lemma Tg_Sg:
  assumes g: "g holomorphic_on ball 0 1" and h: "h holomorphic_on ball 0 1" "h 0 = 0"
  shows "Tg g (Sg g h) = (\<lambda>z. Sg g (Tg g h) z - Tg g (Tg g h) z)"
proof (rule eq_by_derivative_on_disc)
  fix z :: complex assume z: "z \<in> ball 0 1"
  show "(Tg g (Sg g h) has_field_derivative Sg g h z * deriv g z) (at z)"
    using Tg_has_field_derivative[OF g holomorphic_on_Sg[OF g h(1)] z] .
  have "((\<lambda>z. Sg g (Tg g h) z - Tg g (Tg g h) z)
      has_field_derivative deriv (Tg g h) z * g z - Tg g h z * deriv g z) (at z)"
    using Sg_has_field_derivative[OF g holomorphic_on_Tg[OF g h(1)] z]
      Tg_has_field_derivative[OF g holomorphic_on_Tg[OF g h(1)] z]
    by (rule DERIV_diff)
  moreover have "deriv (Tg g h) z * g z - Tg g h z * deriv g z = Sg g h z * deriv g z"
  proof -
    have "deriv (Tg g h) z = h z * deriv g z"
      by (rule DERIV_imp_deriv[OF Tg_has_field_derivative[OF g h(1) z]])
    with Sg_plus_Tg[OF g h z] show ?thesis
      by algebra
  qed
  ultimately show "((\<lambda>z. Sg g (Tg g h) z - Tg g (Tg g h) z)
      has_field_derivative Sg g h z * deriv g z) (at z)"
    by simp
qed (simp_all add: Tg_outside_disc Sg_outside_disc)

lemma funpow_Tg_Sg:
  assumes g: "g holomorphic_on ball 0 1" and h: "h holomorphic_on ball 0 1" "h 0 = 0"
  shows "(Tg g ^^ q) (Sg g h) = (\<lambda>z. Sg g ((Tg g ^^ q) h) z - of_nat q * (Tg g ^^ Suc q) h z)"
proof (induction q)
  case (Suc q)
  let ?Tq = "(Tg g ^^ q) h"
  have Tq: "?Tq holomorphic_on ball 0 1" "?Tq 0 = 0"
    using holomorphic_on_funpow_Tg[OF g h(1)] funpow_Tg_0[of h, OF h(2)] by auto
  have "(Tg g ^^ Suc q) (Sg g h) = Tg g (\<lambda>z. 1 * Sg g ?Tq z + (- of_nat q) * Tg g ?Tq z)"
    using Suc.IH by simp
  also have "\<dots> = (\<lambda>z. 1 * Tg g (Sg g ?Tq) z + (- of_nat q) * Tg g (Tg g ?Tq) z)"
    by (rule Tg_linear[OF g holomorphic_on_Sg[OF g Tq(1)] holomorphic_on_Tg[OF g Tq(1)]])
  also have "\<dots> = (\<lambda>z. Sg g (Tg g ?Tq) z - of_nat (Suc q) * Tg g (Tg g ?Tq) z)"
    by (simp add: Tg_Sg[OF g Tq] algebra_simps)
  finally show ?case by simp
qed simp

abbreviation S_count :: "bool list \<Rightarrow> nat" where
  "S_count w \<equiv> length (filter (\<lambda>b. \<not> b) w)"

abbreviation T_count :: "bool list \<Rightarrow> nat" where
  "T_count w \<equiv> length (filter (\<lambda>b. b) w)"

(* Appending S to a word rewrites T^(b+i) S as S T^(b+i) - (b+i) T^(b+i+1) (funpow_Tg_Sg). *)
function nf_coeff :: "bool list \<Rightarrow> nat \<Rightarrow> int" where
  "nf_coeff [] = (\<lambda>j. of_bool (j = 0))"
| "nf_coeff (w @ [True]) = nf_coeff w"
| "nf_coeff (w @ [False]) = (\<lambda>j. nf_coeff w j
      - (case j of 0 \<Rightarrow> 0 | Suc i \<Rightarrow> int (T_count w + i) * nf_coeff w i))"
  by (metis rev_exhaust) auto
termination
  by (relation "Wellfounded.measure length") auto

lemma nf_coeff_0 [simp]: "nf_coeff w 0 = 1"
  by (induction w rule: nf_coeff.induct) simp_all

lemma nf_coeff_eq_0: "S_count w < j \<Longrightarrow> nf_coeff w j = 0"
  by (induction w arbitrary: j rule: nf_coeff.induct) (auto split: nat.split)

lemma word_op_snoc: "word_op g (w @ [b]) h = word_op g w (word_op g [b] h)"
  by (induction w) simp_all

lemma funpow_Sg_funpow_Tg_Sg:
  assumes g: "g holomorphic_on ball 0 1" and h: "h holomorphic_on ball 0 1" "h 0 = 0"
  shows "(Sg g ^^ p) ((Tg g ^^ q) (Sg g h)) =
    (\<lambda>z. (Sg g ^^ Suc p) ((Tg g ^^ q) h) z - of_nat q * (Sg g ^^ p) ((Tg g ^^ Suc q) h) z)"
proof -
  have Tq: "(Tg g ^^ q) h holomorphic_on ball 0 1" for q
    using holomorphic_on_funpow_Tg[OF g h(1)] .
  have "(Tg g ^^ q) (Sg g h) = (\<lambda>z. 1 * Sg g ((Tg g ^^ q) h) z + (- of_nat q) * (Tg g ^^ Suc q) h z)"
    using funpow_Tg_Sg[OF g h] by simp
  then show ?thesis
    using funpow_Sg_linear[OF g holomorphic_on_Sg[OF g Tq[of q]] Tq[of "Suc q"],
        where p = p and a = 1 and b = "- of_nat q"]
    by (simp add: funpow_Suc_right[where f = "Sg g"] del: funpow.simps)
qed

lemma sum_nf_coeff_step:
  fixes N :: "nat \<Rightarrow> nat \<Rightarrow> 'a::comm_ring_1" and c :: "nat \<Rightarrow> int"
  assumes "c (Suc a) = 0"
  shows "(\<Sum>j\<le>a. of_int (c j) * (N (Suc a - j) (b + j) - of_nat (b + j) * N (a - j) (b + Suc j)))
    = (\<Sum>j\<le>Suc a. of_int (c j - (case j of 0 \<Rightarrow> 0 | Suc i \<Rightarrow> int (b + i) * c i)) * N (Suc a - j) (b + j))"
proof -
  have "(\<Sum>j\<le>Suc a. of_int (c j) * N (Suc a - j) (b + j)) = (\<Sum>j\<le>a. of_int (c j) * N (Suc a - j) (b + j))"
    using assms by simp
  moreover have "(\<Sum>j\<le>Suc a. of_int (case j of 0 \<Rightarrow> 0 | Suc i \<Rightarrow> int (b + i) * c i) * N (Suc a - j) (b + j))
      = (\<Sum>j\<le>a. of_nat (b + j) * of_int (c j) * N (a - j) (b + Suc j))"
    by (simp add: sum.atMost_Suc_shift del: sum.atMost_Suc)
  ultimately show ?thesis
    by (simp add: algebra_simps sum_subtractf)
qed

lemma word_op_normal_form:
  assumes g: "g holomorphic_on ball 0 1" and "h holomorphic_on ball 0 1" "h 0 = 0"
  shows "word_op g w h = (\<lambda>z. \<Sum>j\<le>S_count w. of_int (nf_coeff w j) *
           (Sg g ^^ (S_count w - j)) ((Tg g ^^ (T_count w + j)) h) z)"
  using assms(2,3)
proof (induction w arbitrary: h rule: rev_induct)
  case Nil
  then show ?case by simp
next
  case (snoc x w)
  show ?case
  proof (cases x)
    case True
    with snoc show ?thesis
      by (simp add: word_op_snoc holomorphic_on_Tg[OF g] funpow_swap1[symmetric])
  next
    case False
    let ?N = "\<lambda>z p q. (Sg g ^^ p) ((Tg g ^^ q) h) z"
    have "word_op g (w @ [False]) h = word_op g w (Sg g h)"
      by (simp add: word_op_snoc)
    also have "\<dots> = (\<lambda>z. \<Sum>j\<le>S_count w. of_int (nf_coeff w j) *
        (?N z (Suc (S_count w) - j) (T_count w + j)
          - of_nat (T_count w + j) * ?N z (S_count w - j) (T_count w + Suc j)))"
      using snoc.IH[OF holomorphic_on_Sg[OF g snoc.prems(1)] Sg_0]
      by (simp add: funpow_Sg_funpow_Tg_Sg[OF g snoc.prems] Suc_diff_le del: funpow.simps)
    also have "\<dots> = (\<lambda>z. \<Sum>j\<le>S_count (w @ [False]). of_int (nf_coeff (w @ [False]) j) *
        ?N z (S_count (w @ [False]) - j) (T_count (w @ [False]) + j))"
    proof
      fix z
      show "(\<Sum>j\<le>S_count w. of_int (nf_coeff w j) *
          (?N z (Suc (S_count w) - j) (T_count w + j)
            - of_nat (T_count w + j) * ?N z (S_count w - j) (T_count w + Suc j)))
        = (\<Sum>j\<le>S_count (w @ [False]). of_int (nf_coeff (w @ [False]) j) *
          ?N z (S_count (w @ [False]) - j) (T_count (w @ [False]) + j))"
        using sum_nf_coeff_step[where N = "?N z" and c = "nf_coeff w", OF nf_coeff_eq_0[OF lessI]] by simp
    qed
    finally show ?thesis
      using False by simp
  qed
qed

lemma word_op_normal_form_last_T:
  assumes g: "g holomorphic_on ball 0 1" and f: "f holomorphic_on ball 0 1"
    and "w \<noteq> []" "last w"
  shows "word_op g w f = (\<lambda>z. \<Sum>j\<le>S_count w. of_int (nf_coeff w j) *
           (Sg g ^^ (S_count w - j)) ((Tg g ^^ (T_count w + j)) f) z)"
proof -
  obtain v where w: "w = v @ [True]"
    using assms(3,4) by (metis append_butlast_last_id)
  have "word_op g w f = word_op g v (Tg g f)"
    by (simp add: w word_op_snoc)
  also have "\<dots> = (\<lambda>z. \<Sum>j\<le>S_count v. of_int (nf_coeff v j) *
           (Sg g ^^ (S_count v - j)) ((Tg g ^^ (T_count v + j)) (Tg g f)) z)"
    by (rule word_op_normal_form[OF g holomorphic_on_Tg[OF g f] Tg_0])
  finally show ?thesis
    by (simp add: w funpow_swap1[symmetric])
qed

theorem proposition3p7:
  fixes m n :: nat and w :: "bool list"
  assumes "n \<ge> 1"
    and "length (filter (\<lambda>b. \<not> b) w) = m"
    and "length (filter (\<lambda>b. b) w) = n"
    and "w \<noteq> []" and "last w = True"
  shows "\<exists>c :: nat \<Rightarrow> int. \<forall>g. g holomorphic_on ball 0 1 \<longrightarrow>
           (\<forall>f. f holomorphic_on ball 0 1 \<longrightarrow> (\<forall>z \<in> ball 0 1.
              word_op g w f z =
                ((Sg g ^^ m) ((Tg g ^^ n) f)) z
                + (\<Sum>j = 1..m. of_int (c j) * ((Sg g ^^ (m - j)) ((Tg g ^^ (n + j)) f)) z)))"
proof (intro exI[of _ "nf_coeff w"] allI impI ballI)
  fix g f :: "complex \<Rightarrow> complex" and z
  assume g: "g holomorphic_on ball 0 1" and f: "f holomorphic_on ball 0 1"
  have "word_op g w f z = (\<Sum>j\<le>m. of_int (nf_coeff w j) * (Sg g ^^ (m - j)) ((Tg g ^^ (n + j)) f) z)"
    using word_op_normal_form_last_T[OF g f assms(4)] assms(2,3,5) by simp
  also have "\<dots> = ((Sg g ^^ m) ((Tg g ^^ n) f)) z
      + (\<Sum>j = 1..m. of_int (nf_coeff w j) * ((Sg g ^^ (m - j)) ((Tg g ^^ (n + j)) f)) z)"
    by (simp add: atMost_atLeast0 sum.atLeast_Suc_atMost)
  finally show "word_op g w f z = ((Sg g ^^ m) ((Tg g ^^ n) f)) z
      + (\<Sum>j = 1..m. of_int (nf_coeff w j) * ((Sg g ^^ (m - j)) ((Tg g ^^ (n + j)) f)) z)" .
qed

end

_Work required_.
The required answer is the run of lines above, starting at the line with "< j \<Longrightarrow>" and ending at the line with "q) (Sg g h))", reproduced exactly with both ends.

_Written answer_.
lemma nf_coeff_eq_0: "S_count w < j \<Longrightarrow> nf_coeff w j = 0"
  by (induction w arbitrary: j rule: nf_coeff.induct) (auto split: nat.split)

lemma word_op_snoc: "word_op g (w @ [b]) h = word_op g w (word_op g [b] h)"
  by (induction w) simp_all

lemma funpow_Sg_funpow_Tg_Sg:
  assumes g: "g holomorphic_on ball 0 1" and h: "h holomorphic_on ball 0 1" "h 0 = 0"
  shows "(Sg g ^^ p) ((Tg g ^^ q) (Sg g h)) =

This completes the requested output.